Records provided START

lemma fps_of_poly_h_poly:
  assumes "finite K"
  shows "fps_of_poly (h_poly K)
    = (1 - fps_X) ^ cdim1 K * Abs_fps (\<lambda>m. \<Sum>F\<in>K. of_nat (compositions m (card F)))"
proof -
  let ?d = "cdim1 K"
  let ?Y = "\<lambda>i. Abs_fps (\<lambda>m. of_nat (compositions m i)) :: int fps"
  have X: "fps_of_poly [:0, 1 :: int:] = fps_X" and one_minus_X: "fps_of_poly [:1, -1 :: int:] = 1 - fps_X"
    and of_nat: "fps_of_poly (of_nat k :: int poly) = of_nat k" for k
    by (simp_all add: fps_of_poly_pCons of_nat_poly fps_of_nat algebra_simps)
  have "fps_of_poly (h_poly K) = (\<Sum>i\<le>?d. of_nat (fnum K i) * fps_X ^ i * (1 - fps_X) ^ (?d - i))"
    unfolding h_poly_def by (simp only: fps_of_poly_sum fps_of_poly_mult fps_of_poly_power X one_minus_X of_nat)
  also have "\<dots> = (\<Sum>i\<le>?d. (1 - fps_X) ^ ?d * (of_nat (fnum K i) * ?Y i))"
  proof (rule sum.cong[OF refl])
    fix i assume "i \<in> {..?d}"
    then have "(1 - fps_X :: int fps) ^ ?d = (1 - fps_X) ^ i * (1 - fps_X) ^ (?d - i)"
      by (simp flip: power_add)
    then show "of_nat (fnum K i) * fps_X ^ i * (1 - fps_X) ^ (?d - i)
        = (1 - fps_X) ^ ?d * (of_nat (fnum K i) * ?Y i)"
      by (simp add: compositions_series[of i, symmetric] algebra_simps)
  qed
  also have "\<dots> = (1 - fps_X) ^ ?d * (\<Sum>i\<le>?d. of_nat (fnum K i) * ?Y i)"
    by (simp add: sum_distrib_left)
  also have "(\<Sum>i\<le>?d. of_nat (fnum K i) * ?Y i)
      = Abs_fps (\<lambda>m. \<Sum>i\<le>?d. of_nat (fnum K i * compositions m i))"
    by (simp add: fps_eq_iff fps_sum_nth fps_of_nat[symmetric] fps_mult_left_const_nth)
  also have "(\<lambda>m. \<Sum>i\<le>?d. of_nat (fnum K i * compositions m i))
      = (\<lambda>m. \<Sum>F\<in>K. of_nat (compositions m (card F)) :: int)"
  proof
    fix m
    show "(\<Sum>i\<le>?d. of_nat (fnum K i * compositions m i)) = (\<Sum>F\<in>K. of_nat (compositions m (card F)) :: int)"
      using sum_fnum_mult[OF assms, of "\<lambda>i. compositions m i"] by (metis (no_types) of_nat_sum)
  qed
  finally show ?thesis .
qed

lemma fps_of_poly_h_poly_order_complex:
  assumes "reflp le" "transp le" "antisymp le" "finite P"
  shows "fps_of_poly (h_poly (order_complex P le))
    = (1 - fps_X) ^ cdim1 (order_complex P le) * Abs_fps (\<lambda>m. of_nat (card (multichains le P m)))"
proof -
  have "(\<lambda>m. of_nat (card (multichains le P m)))
      = (\<lambda>m. \<Sum>C\<in>order_complex P le. of_nat (compositions m (card C)) :: int)"
    by (simp add: card_multichains[OF assms])
  then show ?thesis
    by (simp only: fps_of_poly_h_poly[OF finite_order_complex[OF assms(4)]])
qed

section \<open>Multichains of boundary intervals\<close>

lemma card_PiE_hitting_two:
  assumes "finite A" "finite B" "a \<in> B" "b \<in> B" "a \<noteq> b"
  shows "int (card {g \<in> A \<rightarrow>\<^sub>E B. a \<in> g ` A \<and> b \<in> g ` A})
    = int (card B) ^ card A - 2 * (int (card B) - 1) ^ card A + (int (card B) - 2) ^ card A"
proof -
  let ?Na = "A \<rightarrow>\<^sub>E (B - {a})" and ?Nb = "A \<rightarrow>\<^sub>E (B - {b})"
  have eq: "{g \<in> A \<rightarrow>\<^sub>E B. a \<in> g ` A \<and> b \<in> g ` A} = (A \<rightarrow>\<^sub>E B) - (?Na \<union> ?Nb)"
    by (auto simp: PiE_def Pi_def)
  have Int: "?Na \<inter> ?Nb = A \<rightarrow>\<^sub>E (B - {a, b})"
    by (auto simp: PiE_def Pi_def)
  have sub: "?Na \<union> ?Nb \<subseteq> A \<rightarrow>\<^sub>E B"
    by (auto simp: PiE_def Pi_def)
  have fin: "finite ?Na" "finite ?Nb"
    using assms(1,2) by (auto intro: finite_PiE)
  have "2 \<le> card B"
    using card_mono[OF assms(2), of "{a, b}"] assms(3-5) by simp
  have "int (card {g \<in> A \<rightarrow>\<^sub>E B. a \<in> g ` A \<and> b \<in> g ` A})
      = int (card (A \<rightarrow>\<^sub>E B)) - int (card ?Na) - int (card ?Nb) + int (card (?Na \<inter> ?Nb))"
    unfolding eq using card_Un_Int[OF fin] card_mono[OF _ sub] assms(1,2)
    by (simp add: card_Diff_subset[OF finite_subset[OF sub] sub] of_nat_diff finite_PiE)
  also have "\<dots> = int (card B) ^ card A - 2 * (int (card B) - 1) ^ card A + (int (card B) - 2) ^ card A"
    unfolding Int using assms \<open>2 \<le> card B\<close> by (simp add: card_funcsetE card_Diff_subset of_nat_diff)
  finally show ?thesis .
qed

lemma reflp_interval_le: "reflp interval_le"
  by (simp add: reflp_def interval_le_def)

lemma transp_interval_le: "transp interval_le"
  by (auto simp: transp_def interval_le_def)

lemma antisymp_interval_le: "antisymp interval_le"
  by (auto simp: antisymp_def interval_le_def prod_eq_iff)

definition boundary_intervals :: "nat \<Rightarrow> (nat set \<times> nat set) set" where
  "boundary_intervals n = {I \<in> interval_poset n. snd I \<noteq> {1..n}}"

lemma mem_boundary_intervals:
  "I \<in> boundary_intervals n \<longleftrightarrow> fst I \<noteq> {} \<and> fst I \<subseteq> snd I \<and> snd I \<subseteq> {1..n} \<and> snd I \<noteq> {1..n}"
  by (cases I) (auto simp: boundary_intervals_def interval_poset_def)

lemma Int_boundary_eq_order_complex:
  "Int_boundary n = order_complex (boundary_intervals n) interval_le"
  by (auto simp: Int_boundary_def Int_complex_def order_complex_def boundary_intervals_def)

lemma finite_boundary_intervals: "finite (boundary_intervals n)"
proof (rule finite_subset)
  show "boundary_intervals n \<subseteq> Pow {1..n} \<times> Pow {1..n}"
  proof
    fix I assume "I \<in> boundary_intervals n"
    then show "I \<in> Pow {1..n} \<times> Pow {1..n}"
      by (cases I) (simp add: mem_boundary_intervals, blast)
  qed
qed simp

lemma interval_le_card_diff_eq:
  assumes "finite (snd J)" "fst I \<subseteq> snd I" "fst J \<subseteq> snd J" "interval_le I J"
    and "card (snd I) - card (fst I) = card (snd J) - card (fst J)"
  shows "I = J"
proof -
  have sub: "fst J \<subseteq> fst I" "fst I \<subseteq> snd I" "snd I \<subseteq> snd J"
    using assms(2,4) by (auto simp: interval_le_def)
  have fin: "finite (fst I)" "finite (snd I)"
    using sub assms(1) by (auto intro: finite_subset)
  have "card (fst J) \<le> card (fst I)" "card (fst I) \<le> card (snd I)" "card (snd I) \<le> card (snd J)"
    using sub fin assms(1) by (auto intro: card_mono)
  then have "card (fst J) = card (fst I)" "card (snd I) = card (snd J)"
    using assms(5) by linarith+
  then have "fst J = fst I" "snd I = snd J"
    using card_subset_eq[OF fin(1) sub(1)] card_subset_eq[OF assms(1) sub(3)] by simp_all
  then show ?thesis
    by (simp add: prod_eq_iff)
qed

lemma boundary_interval_rank_less:
  assumes "I \<in> boundary_intervals n"
  shows "card (snd I) - card (fst I) < n - 1"
proof -
  have I: "fst I \<noteq> {}" "fst I \<subseteq> snd I" "snd I \<subset> {1..n}"
    using assms mem_boundary_intervals[of I n] by blast+
  then have "snd I \<subseteq> {1..n}"
    by blast
  then have "finite (snd I)" "finite (fst I)"
    using I(2) by (auto intro: finite_subset)
  with I have "1 \<le> card (fst I)" "card (fst I) \<le> card (snd I)"
    by (auto simp: Suc_le_eq card_gt_0_iff intro: card_mono)
  moreover have "card (snd I) < card {1..n}"
    using I(3) by (intro psubset_card_mono) auto
  ultimately show ?thesis by simp
qed

lemma inj_on_rank_boundary_chain:
  assumes "C \<in> order_complex (boundary_intervals n) interval_le"
  shows "inj_on (\<lambda>I. card (snd I) - card (fst I)) C"
proof (rule inj_onI)
  have C: "C \<subseteq> boundary_intervals n" "Complete_Partial_Order.chain interval_le C"
    using assms by (auto simp: order_complex_def chain_def)
  fix I J assume IJ: "I \<in> C" "J \<in> C" "card (snd I) - card (fst I) = card (snd J) - card (fst J)"
  have sub: "fst I \<subseteq> snd I" "fst J \<subseteq> snd J" "snd I \<subseteq> {1..n}" "snd J \<subseteq> {1..n}"
    using C(1) IJ(1,2) mem_boundary_intervals[of I n] mem_boundary_intervals[of J n] by blast+
  from chainD[OF C(2) IJ(1,2)] show "I = J"
  proof
    assume "interval_le I J"
    then show "I = J"
      using interval_le_card_diff_eq[OF finite_subset[OF sub(4)] sub(1,2)] IJ(3) by simp
  next
    assume "interval_le J I"
    then show "I = J"
      using interval_le_card_diff_eq[OF finite_subset[OF sub(3)] sub(2,1)] IJ(3) by simp
  qed
qed

lemma card_boundary_chain_le:
  assumes "C \<in> order_complex (boundary_intervals n) interval_le"
  shows "card C \<le> n - 1"
proof -
  have "C \<subseteq> boundary_intervals n"
    using assms by (simp add: order_complex_def)
  then have rank: "(\<lambda>I. card (snd I) - card (fst I)) ` C \<subseteq> {..<n - 1}"
    using boundary_interval_rank_less by auto
  show ?thesis
    using card_inj_on_le[OF inj_on_rank_boundary_chain[OF assms] rank] by simp
qed

lemma boundary_chain_of_card:
  "(\<lambda>j. ({1::nat}, {1..j})) ` {1..n - 1} \<in> order_complex (boundary_intervals n) interval_le"
  "card ((\<lambda>j. ({1::nat}, {1..j})) ` {1..n - 1}) = n - 1"
proof -
  have "{1..j} \<noteq> {1..n}" if "j < n" for j :: nat
    using that atLeastAtMost_iff[of n 1 j] by fastforce
  then show "(\<lambda>j. ({1::nat}, {1..j})) ` {1..n - 1} \<in> order_complex (boundary_intervals n) interval_le"
    by (auto simp: order_complex_def mem_boundary_intervals interval_le_def)
  have "inj_on (\<lambda>j. ({1::nat}, {1..j})) {1..n - 1}"
    by (rule inj_onI) (simp add: Icc_eq_Icc)
  then show "card ((\<lambda>j. ({1::nat}, {1..j})) ` {1..n - 1}) = n - 1"
    by (simp add: card_image)
qed

lemma cdim1_Int_boundary: "cdim1 (Int_boundary n) = n - 1"
  unfolding cdim1_def Int_boundary_eq_order_complex
proof (rule Max_eqI)
  show "n - 1 \<in> card ` order_complex (boundary_intervals n) interval_le"
    by (metis boundary_chain_of_card image_eqI)
  show "y \<le> n - 1" if "y \<in> card ` order_complex (boundary_intervals n) interval_le" for y
    using that card_boundary_chain_le by blast
qed (simp add: finite_order_complex finite_boundary_intervals)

Records provided END

**What you have to do:** What should be returned is the run of lines from the first line of the material through the line containing "poly) = of_nat", exact and inclusive, and nothing else.

**Response:**
lemma fps_of_poly_h_poly:
  assumes "finite K"
  shows "fps_of_poly (h_poly K)
    = (1 - fps_X) ^ cdim1 K * Abs_fps (\<lambda>m. \<Sum>F\<in>K. of_nat (compositions m (card F)))"
proof -
  let ?d = "cdim1 K"
  let ?Y = "\<lambda>i. Abs_fps (\<lambda>m. of_nat (compositions m i)) :: int fps"
  have X: "fps_of_poly [:0, 1 :: int:] = fps_X" and one_minus_X: "fps_of_poly [:1, -1 :: int:] = 1 - fps_X"
    and of_nat: "fps_of_poly (of_nat k :: int poly) = of_nat k" for k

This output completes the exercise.